**ACTION ITEM:**
The records below are split into lines. How many of those lines contain the string "bool"? Reply with the number only.

....................

(* Let $d\ge 0$ be an integer. Then: (1) $f(1,d)=\frac{2}{d+2}$ if $d$ is even, and $f(1,d)=\frac{2(d+2)}{(d+1)(d+3)}$ if $d$ is odd. (2) The value $f(1,d)$ equals $\frac{\alpha_1(G)}{n(G)}$ for $G=J_{d+2}$ when $d$ is even, and for $G=(d+3)J_{d+1}\cup(d+1)J_{d+3}$ (disjoint union of $d+3$ copies of $J_{d+1}$ and $d+1$ copies of $J_{d+3}$) when $d$ is odd; these graphs have average degree at most $d$. (3) $f(1,d)\ge \frac{2}{d+2}$. (4) For every finite simple graph $G$ on $n\ge 1$ vertices, $\alpha_1(G)\ge \frac{2n}{\lceil d(G)\rceil+2}$.
   Context: For a graph $G=(V,E)$ and an integer $k\ge 0$, a $k$-independent set is a set $S\subseteq V$ such that the induced subgraph $G[S]$ has maximum degree at most $k$; $\alpha_k(G)$ denotes the maximum cardinality of a $k$-independent set of $G$. $n(G)$ is the number of vertices and $d(G)=2|E(G)|/n(G)$ the average degree. For integers $d,k\ge 0$, $f(k,d)=\inf\left\{\frac{\alpha_k(G)}{n(G)} : G \text{ a finite simple graph with at least one vertex and } d(G)\le d\right\}$. For an even integer $m\ge 2$, $J_m$ denotes the complete graph $K_m$ with the edges of a perfect matching removed. *)

theory Defs
  imports Complex_Main
begin

definition simple_graph :: "'a set \<Rightarrow> 'a set set \<Rightarrow> bool" where
  "simple_graph V E \<longleftrightarrow> finite V \<and> (\<forall>e\<in>E. e \<subseteq> V \<and> card e = 2)"

definition k_independent :: "nat \<Rightarrow> 'a set \<Rightarrow> 'a set set \<Rightarrow> 'a set \<Rightarrow> bool" where
  "k_independent k V E S \<longleftrightarrow> S \<subseteq> V \<and> (\<forall>u\<in>S. card {v\<in>S. {u, v} \<in> E} \<le> k)"

definition alpha_k :: "nat \<Rightarrow> 'a set \<Rightarrow> 'a set set \<Rightarrow> nat" where
  "alpha_k k V E = Max {card S | S. k_independent k V E S}"

definition avg_deg :: "'a set \<Rightarrow> 'a set set \<Rightarrow> real" where
  "avg_deg V E = 2 * real (card E) / real (card V)"

text \<open>f(k,d): infimum over all finite simple graphs (every finite graph is isomorphic
  to one with vertices in nat, so we range over graphs with natural-number vertices).\<close>
definition f_kd :: "nat \<Rightarrow> nat \<Rightarrow> real" where
  "f_kd k d = Inf {real (alpha_k k V E) / real (card V) | (V :: nat set) (E :: nat set set).
       simple_graph V E \<and> V \<noteq> {} \<and> avg_deg V E \<le> real d}"

text \<open>J_m: K_m on {0..<m} minus the perfect matching {2t, 2t+1}.\<close>
definition J_verts :: "nat \<Rightarrow> nat set" where
  "J_verts m = {0..<m}"

definition J_edges :: "nat \<Rightarrow> nat set set" where
  "J_edges m = {{i, j} | i j. i < m \<and> j < m \<and> i \<noteq> j \<and> i div 2 \<noteq> j div 2}"

definition copies_V :: "nat \<Rightarrow> 'a set \<Rightarrow> (nat \<times> 'a) set" where
  "copies_V c V = {0..<c} \<times> V"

....................

**ANSWER SPACE:**
2